AUDIENCE: Well, I don’t have an exact timeframe. But I have to be careful, because I don’t even know how to explain it that well. Three years ago I had a dream, and I know now that my salvation isn’t based on that dream. But that dream scared the daylights out of me, and it prompted me to pursue Christ, to pursue His Scriptures, to know what it means to be a Christian, and to know how I could be saved, why I’m saved. And so now because I have the understanding of the gospel, I would say I’m saved now. And so –

JOHN: That’s a great answer. Look, the Lord buries His workers, but His work goes on. You know, I always say, removing me from this world is like taking your hand out of a bucket of water; there’s no hole, it fills in. God has His people in every time and every age. I’m not indispensable, I’m just a servant for whatever time the Lord gives me. And, actually, I’m supposed to be retired, but I can’t imagine that as long as I’m –

AUDIENCE: Overtime.

JOHN: as long as I’m functioning. So I just want to serve the Lord in the time that He gives me. I don’t know. Obviously none of us knows how much time we have. I thank the Lord that I can still connect the dots at my age, and I still have the energy to do what I do and the love for it, because I think, you know, when you reach the age that I’m at and you’ve spent all these years studying the Word of God, there’s a sense in which you have more than you’ve ever had before. So there’s more to offer even now. I’m not trying to say that I can be a better preacher or a better anything now, but I do know that all through these years there’s an accumulation of truth, and I’m just glad that the Lord’s allowed me to function at this point where I can still be proclaiming that.

So people ask me, “What’s the replacement plan around here?” Well, whatever happens to me, this church has so many great, gifted, dedicated, highly-motivated, passionate preachers coming behind me that they’ll be plenty of them to take my place. And I want to throw in one other little thought too, that even after I’m dead, Grace to You will still be pumping messages out all over the planet. So I will be speaking, even after I’m gone. Thanks, John.

AUDIENCE: Thank you, Pastor John.

AUDIENCE: Hello, my name is Gabriel. I’m visiting from El Salvador, so my English is not perfect.

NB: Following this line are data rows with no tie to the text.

lemma sets_borel_eq_sigma_rays:
  "sets (borel :: real measure) = sigma_sets UNIV ({UNIV, {}} \<union> {{z<..} | z. z \<ge> 0} \<union> {{..<z} | z. z \<le> 0})"
  (is "_ = sigma_sets UNIV ?E")
proof -
  have "sets (borel :: real measure) = sigma_sets UNIV (range atMost)"
    by (subst borel_eq_atMost) simp
  also have "\<dots> = sigma_sets UNIV ?E"
  proof (rule sigma_sets_eqI)
    fix A assume "A \<in> ?E"
    then have "A \<in> sets (borel :: real measure)"
      by auto
    then show "A \<in> sigma_sets UNIV (range atMost)"
      by (subst (asm) borel_eq_atMost) simp
  next
    fix A :: "real set" assume "A \<in> range atMost"
    then obtain a where A: "A = {..a}" by auto
    show "A \<in> sigma_sets UNIV ?E"
    proof (cases "a \<ge> 0")
      case True
      have "UNIV - {a<..} \<in> sigma_sets UNIV ?E"
        using True by (intro sigma_sets.Compl sigma_sets.Basic) auto
      then show ?thesis
        by (simp add: A Compl_greaterThan[symmetric] Compl_eq_Diff_UNIV)
    next
      case False
      have "A = {..<0} \<inter> (\<Inter>n. {..< a + inverse (Suc n)})"
        using False by (simp only: A atMost_eq_INT_lessThan[symmetric]) auto
      also have "\<dots> = (\<Inter>n. {..< min 0 (a + inverse (Suc n))})"
        by auto
      also have "\<dots> \<in> sigma_sets UNIV ?E"
        by (intro sigma_sets_Inter sigma_sets.Basic) auto
      finally show ?thesis .
    qed
  qed
  finally show ?thesis .
qed

lemma measure_eqI_rays:
  fixes \<mu> \<nu> :: "real measure"
  assumes sets: "sets \<mu> = sets borel" "sets \<nu> = sets borel"
    and UNIV: "emeasure \<mu> UNIV = emeasure \<nu> UNIV" "emeasure \<mu> UNIV \<noteq> \<infinity>"
    and right: "\<And>z. z \<ge> 0 \<Longrightarrow> emeasure \<mu> {z<..} = emeasure \<nu> {z<..}"
    and left: "\<And>z. z \<ge> 0 \<Longrightarrow> emeasure \<mu> {..< - z} = emeasure \<nu> {..< - z}"
  shows "\<mu> = \<nu>"
proof -
  let ?E = "{UNIV, {}} \<union> {{z<..} | z::real. z \<ge> 0} \<union> {{..<z} | z. z \<le> 0}"
  show ?thesis
  proof (rule measure_eqI_generator_eq[where \<Omega> = UNIV and E = ?E and A = "\<lambda>_. UNIV"])
    show "Int_stable ?E"
      unfolding Int_stable_def by (safe; simp add: greaterThan_Int_greaterThan lessThan_Int_lessThan)
    show "sets \<mu> = sigma_sets UNIV ?E" "sets \<nu> = sigma_sets UNIV ?E"
      using sets sets_borel_eq_sigma_rays by simp_all
    fix X assume "X \<in> ?E"
    then consider "X = UNIV" | "X = {}" | z where "z \<ge> 0" "X = {z<..}" | z where "z \<ge> 0" "X = {..< - z}"
      by (auto intro: that(3,4)[of "- _"] simp: minus_le_iff)
    then show "emeasure \<mu> X = emeasure \<nu> X"
      by cases (simp_all add: UNIV right left)
  qed (use UNIV in auto)
qed

definition cond_symmetric :: "'a measure \<Rightarrow> 'a measure \<Rightarrow> ('a \<Rightarrow> real) \<Rightarrow> bool" where
  "cond_symmetric M G \<xi> \<longleftrightarrow> (\<forall>z\<ge>0. AE \<omega> in M.
     real_cond_exp M G (indicator {\<omega>' \<in> space M. \<xi> \<omega>' > z}) \<omega>
   = real_cond_exp M G (indicator {\<omega>' \<in> space M. \<xi> \<omega>' < - z}) \<omega>)"

lemma cond_symmetric_weighted_rays:
  fixes \<xi> k :: "'a \<Rightarrow> real"
  assumes "finite_measure M" "subalgebra M G"
    and \<xi>[measurable]: "\<xi> \<in> borel_measurable M" and sym: "cond_symmetric M G \<xi>"
    and k: "k \<in> borel_measurable G" "\<And>\<omega>. \<bar>k \<omega>\<bar> \<le> N" and "z \<ge> 0"
  shows "(\<integral>\<omega>. k \<omega> * indicator {\<omega> \<in> space M. z < \<xi> \<omega>} \<omega> \<partial>M)
       = (\<integral>\<omega>. k \<omega> * indicator {\<omega> \<in> space M. \<xi> \<omega> < - z} \<omega> \<partial>M)"
proof -
  interpret finite_measure M
    by fact
  interpret finite_measure_subalgebra M G
    by unfold_locales fact
  have [measurable]: "k \<in> borel_measurable M"
    by (rule measurable_from_subalg[OF subalg k(1)])
  have "0 \<le> N"
    using k(2) abs_ge_zero order_trans by blast
  have int: "integrable M (\<lambda>\<omega>. k \<omega> * indicator A \<omega>)" if "A \<in> sets M" for A
    by (rule integrable_const_bound[where B = N]) (use k that \<open>0 \<le> N\<close> in \<open>auto simp: indicator_def abs_mult\<close>)
  have "(\<integral>\<omega>. k \<omega> * indicator {\<omega> \<in> space M. z < \<xi> \<omega>} \<omega> \<partial>M)
      = (\<integral>\<omega>. k \<omega> * real_cond_exp M G (indicator {\<omega> \<in> space M. z < \<xi> \<omega>}) \<omega> \<partial>M)"
    by (rule real_cond_exp_intg(2)[symmetric]) (use int k in auto)
  also have "\<dots> = (\<integral>\<omega>. k \<omega> * real_cond_exp M G (indicator {\<omega> \<in> space M. \<xi> \<omega> < - z}) \<omega> \<partial>M)"
    using sym \<open>z \<ge> 0\<close> unfolding cond_symmetric_def by (intro integral_cong_AE) auto
  also have "\<dots> = (\<integral>\<omega>. k \<omega> * indicator {\<omega> \<in> space M. \<xi> \<omega> < - z} \<omega> \<partial>M)"
    by (rule real_cond_exp_intg(2)) (use int k in auto)
  finally show ?thesis .
qed

lemma cond_symmetric_nn_integral_reflect:
  fixes \<xi> k :: "'a \<Rightarrow> real" and \<psi> :: "real \<Rightarrow> ennreal"
  assumes "finite_measure M" "subalgebra M G"
    and \<xi>[measurable]: "\<xi> \<in> borel_measurable M" and sym: "cond_symmetric M G \<xi>"
    and k: "k \<in> borel_measurable G" "\<And>\<omega>. 0 \<le> k \<omega>" "\<And>\<omega>. k \<omega> \<le> N"
    and \<psi>[measurable]: "\<psi> \<in> borel_measurable borel"
  shows "(\<integral>\<^sup>+\<omega>. k \<omega> * \<psi> (\<xi> \<omega>) \<partial>M) = (\<integral>\<^sup>+\<omega>. k \<omega> * \<psi> (- \<xi> \<omega>) \<partial>M)"
proof -
  interpret finite_measure M
    by fact
  have [measurable]: "k \<in> borel_measurable M"
    by (rule measurable_from_subalg[OF assms(2) k(1)])
  define D where "D = density M k"
  have emeasure_D: "emeasure D {\<omega> \<in> space M. P (\<xi> \<omega>)} = ennreal (\<integral>\<omega>. k \<omega> * indicator {\<omega> \<in> space M. P (\<xi> \<omega>)} \<omega> \<partial>M)"
    if [measurable]: "Measurable.pred borel P" for P
  proof -
    have "integrable M (\<lambda>\<omega>. k \<omega> * indicator {\<omega> \<in> space M. P (\<xi> \<omega>)} \<omega>)"
      using k order_trans[OF k(2,3)] by (intro integrable_const_bound[where B = N]) (auto simp: indicator_def)
    then show ?thesis
      unfolding D_def using k(2)
      by (subst emeasure_density) (auto simp: nn_integral_eq_integral[symmetric] indicator_def intro!: nn_integral_cong)
  qed
  have ray: "emeasure D {\<omega> \<in> space M. z < \<xi> \<omega>} = emeasure D {\<omega> \<in> space M. \<xi> \<omega> < - z}" if "z \<ge> 0" for z
    using cond_symmetric_weighted_rays[OF assms(1,2) \<xi> sym k(1) _ that, of N] k(2,3)
      emeasure_D[of "\<lambda>t. z < t"] emeasure_D[of "\<lambda>t. t < - z"]
    by simp
  have "distr D borel \<xi> = distr D borel (\<lambda>\<omega>. - \<xi> \<omega>)"
  proof (rule measure_eqI_rays)
    have "emeasure D {\<omega> \<in> space M. True} \<noteq> \<infinity>"
      by (subst emeasure_D) auto
    then show "emeasure (distr D borel \<xi>) UNIV \<noteq> \<infinity>"
      by (simp add: emeasure_distr D_def)
    have "\<xi> -` {z<..} \<inter> space M = {\<omega> \<in> space M. z < \<xi> \<omega>}"
      "(\<lambda>\<omega>. - \<xi> \<omega>) -` {..< - z} \<inter> space M = {\<omega> \<in> space M. z < \<xi> \<omega>}"
      "\<xi> -` {..< - z} \<inter> space M = {\<omega> \<in> space M. \<xi> \<omega> < - z}"
      "(\<lambda>\<omega>. - \<xi> \<omega>) -` {z<..} \<inter> space M = {\<omega> \<in> space M. \<xi> \<omega> < - z}" for z
      by auto
    then show "emeasure (distr D borel \<xi>) {z<..} = emeasure (distr D borel (\<lambda>\<omega>. - \<xi> \<omega>)) {z<..}"
      and "emeasure (distr D borel \<xi>) {..< - z} = emeasure (distr D borel (\<lambda>\<omega>. - \<xi> \<omega>)) {..< - z}"
      if "z \<ge> 0" for z
      using ray[OF that] by (simp_all add: emeasure_distr D_def)
  qed (simp_all add: emeasure_distr D_def)
  then have "(\<integral>\<^sup>+t. \<psi> t \<partial>distr D borel \<xi>) = (\<integral>\<^sup>+t. \<psi> t \<partial>distr D borel (\<lambda>\<omega>. - \<xi> \<omega>))"
    by simp
  then show ?thesis
    unfolding D_def using k(2) by (simp add: nn_integral_distr nn_integral_density)
qed

lemma cond_symmetric_nn_integral_le_of_even_bound:
  fixes \<xi> k :: "'a \<Rightarrow> real" and \<phi> \<psi> :: "real \<Rightarrow> real" and N :: real
  assumes "finite_measure M" and G: "subalgebra M G"
    and \<xi>[measurable]: "\<xi> \<in> borel_measurable M" and sym: "cond_symmetric M G \<xi>"
    and k: "k \<in> borel_measurable G" "\<And>\<omega>. 0 \<le> k \<omega>" "\<And>\<omega>. k \<omega> \<le> N"
    and \<phi>[measurable]: "\<phi> \<in> borel_measurable borel" and \<phi>_nonneg: "\<And>t. 0 \<le> \<phi> t"
    and \<psi>[measurable]: "\<psi> \<in> borel_measurable borel"
    and even: "\<And>t. \<phi> t + \<phi> (- t) \<le> 2 * \<psi> t"
  shows "(\<integral>\<^sup>+\<omega>. ennreal (k \<omega> * \<phi> (\<xi> \<omega>)) \<partial>M) \<le> (\<integral>\<^sup>+\<omega>. ennreal (k \<omega> * \<psi> (\<xi> \<omega>)) \<partial>M)"
proof -
  have [measurable]: "k \<in> borel_measurable M"
    by (rule measurable_from_subalg[OF G k(1)])
  have "2 * (\<integral>\<^sup>+\<omega>. ennreal (k \<omega> * \<phi> (\<xi> \<omega>)) \<partial>M)
      = (\<integral>\<^sup>+\<omega>. ennreal (k \<omega> * \<phi> (\<xi> \<omega>)) \<partial>M) + (\<integral>\<^sup>+\<omega>. ennreal (k \<omega> * \<phi> (- \<xi> \<omega>)) \<partial>M)"
    using cond_symmetric_nn_integral_reflect[OF assms(1) G \<xi> sym k, of "\<lambda>t. ennreal (\<phi> t)"] k(2) \<phi>_nonneg
    by (simp add: mult_2 ennreal_mult)
  also have "\<dots> = (\<integral>\<^sup>+\<omega>. ennreal (k \<omega> * (\<phi> (\<xi> \<omega>) + \<phi> (- \<xi> \<omega>))) \<partial>M)"
    using k(2) \<phi>_nonneg
    by (subst nn_integral_add[symmetric]) (auto simp: distrib_left intro!: nn_integral_cong)
  also have "\<dots> \<le> (\<integral>\<^sup>+\<omega>. 2 * ennreal (k \<omega> * \<psi> (\<xi> \<omega>)) \<partial>M)"
  proof (intro nn_integral_mono)
    fix \<omega>
    have "k \<omega> * (\<phi> (\<xi> \<omega>) + \<phi> (- \<xi> \<omega>)) \<le> 2 * (k \<omega> * \<psi> (\<xi> \<omega>))"
      using mult_left_mono[OF even[of "\<xi> \<omega>"] k(2)] by (simp add: algebra_simps)
    then show "ennreal (k \<omega> * (\<phi> (\<xi> \<omega>) + \<phi> (- \<xi> \<omega>))) \<le> 2 * ennreal (k \<omega> * \<psi> (\<xi> \<omega>))"
      by (metis ennreal_leI ennreal_mult' ennreal_numeral zero_le_numeral)
  qed
  also have "\<dots> = 2 * (\<integral>\<^sup>+\<omega>. ennreal (k \<omega> * \<psi> (\<xi> \<omega>)) \<partial>M)"
    by (rule nn_integral_cmult) measurable
  finally show ?thesis
    by (simp add: ennreal_mult_le_mult_iff)
qed

lemma integral_cond_exp_weight_le:
  fixes k f :: "'a \<Rightarrow> real" and g N B :: real
  assumes "finite_measure M" and G: "subalgebra M G"
    and k: "k \<in> borel_measurable G" "\<And>\<omega>. 0 \<le> k \<omega>" "\<And>\<omega>. k \<omega> \<le> N"
    and f: "f \<in> borel_measurable M" "\<And>\<omega>. \<bar>f \<omega>\<bar> \<le> B" and "g \<ge> 0"
  shows "(\<integral>\<omega>. k \<omega> * exp (- g * max 0 (real_cond_exp M G f \<omega>)) * (1 + g * f \<omega>) \<partial>M) \<le> (\<integral>\<omega>. k \<omega> \<partial>M)"
proof -
  interpret finite_measure M
    by fact
  interpret finite_measure_subalgebra M G
    by unfold_locales fact
  note [measurable] = f(1) measurable_from_subalg[OF G k(1)]
  have "0 \<le> N"
    using k(2,3) order_trans by blast
  define C where "C = real_cond_exp M G f"
  define k1 where "k1 \<omega> = k \<omega> * exp (- g * max 0 (C \<omega>))" for \<omega>
  have k1_G: "k1 \<in> borel_measurable G"
    unfolding k1_def C_def using k(1) by measurable
  have k1: "0 \<le> k1 \<omega>" "k1 \<omega> \<le> N" for \<omega>
    using k(2,3)[of \<omega>] \<open>g \<ge> 0\<close> mult_left_mono[of "exp (- g * max 0 (C \<omega>))" 1 "k \<omega>"]
    by (simp_all add: k1_def)
  have [measurable]: "k1 \<in> borel_measurable M"
    by (rule measurable_from_subalg[OF G k1_G])
  have int_k1: "integrable M k1"
    using k1 by (intro integrable_const_bound[where B = N]) auto
  have int_k1f: "integrable M (\<lambda>\<omega>. k1 \<omega> * f \<omega>)"
    using k1 f(2) \<open>0 \<le> N\<close>
    by (intro integrable_const_bound[where B = "N * B"]) (auto simp: abs_mult intro!: mult_mono)
  have int_k1C: "integrable M (\<lambda>\<omega>. k1 \<omega> * C \<omega>)"
    unfolding C_def using int_k1f k1_G by (rule real_cond_exp_intg(1)) simp
  have "(\<integral>\<omega>. k1 \<omega> * (1 + g * f \<omega>) \<partial>M) = (\<integral>\<omega>. k1 \<omega> \<partial>M) + g * (\<integral>\<omega>. k1 \<omega> * f \<omega> \<partial>M)"
    using int_k1 int_k1f by (simp add: algebra_simps)
  also have "(\<integral>\<omega>. k1 \<omega> * f \<omega> \<partial>M) = (\<integral>\<omega>. k1 \<omega> * C \<omega> \<partial>M)"
    unfolding C_def using int_k1f k1_G by (rule real_cond_exp_intg(2)[symmetric]) simp
  also have "(\<integral>\<omega>. k1 \<omega> \<partial>M) + g * (\<integral>\<omega>. k1 \<omega> * C \<omega> \<partial>M) = (\<integral>\<omega>. k1 \<omega> * (1 + g * C \<omega>) \<partial>M)"
    using int_k1 int_k1C by (simp add: algebra_simps)
  also have "\<dots> \<le> (\<integral>\<omega>. k \<omega> \<partial>M)"
  proof (rule integral_mono)
    show "integrable M (\<lambda>\<omega>. k1 \<omega> * (1 + g * C \<omega>))"
      using int_k1 int_k1C by (simp add: algebra_simps)
    show "integrable M k"
      using k \<open>0 \<le> N\<close> by (intro integrable_const_bound[where B = N]) auto
    fix \<omega>
    have "1 + g * C \<omega> \<le> exp (g * max 0 (C \<omega>))"
      using exp_ge_add_one_self[of "g * max 0 (C \<omega>)"] \<open>g \<ge> 0\<close> mult_left_mono[of "C \<omega>" "max 0 (C \<omega>)" g]
      by linarith
    then show "k1 \<omega> * (1 + g * C \<omega>) \<le> k \<omega>"
      using mult_left_mono[OF _ k1(1)] by (fastforce simp: k1_def exp_minus field_simps)
  qed
  finally show ?thesis
    by (simp add: k1_def C_def)
qed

JOHN: Oh, that’s okay. No problemo.

AUDIENCE: I’ve been reading Acts, particularly chapter 21, and I have some issues with verse 26. You don’t mind if I read it?

JOHN: Did you come all the way from El Salvador to ask this question?

AUDIENCE: Well, I try to come at least once a month. I work at an airline, so I get to do it.

JOHN: Oh, okay.

AUDIENCE: Yeah.

JOHN: Acts 21?

AUDIENCE: It says, “Then Paul took the men, and the next day, purifying himself along with them, went to the temple giving notice of the completion of the days of purification, until the sacrifice was offered for each one of them.” So it has always seemed to me a little strange that he would participate in Jewish sacrifice in the temple even after his ministry as a Christian evangelist and an apostle. Would it be safe to say that Paul made a mistake by participating in the rites of purification at the temple? And if that is the case, wouldn’t it be like a very big sin considering what is stated in Hebrews that the Jewish would no longer – should no longer participate in the Hebrew sacrifice system? And would it be his continuation as a minister kind of be like the possibility of committing serious sin and then still being able to minister? I know it’s a big question.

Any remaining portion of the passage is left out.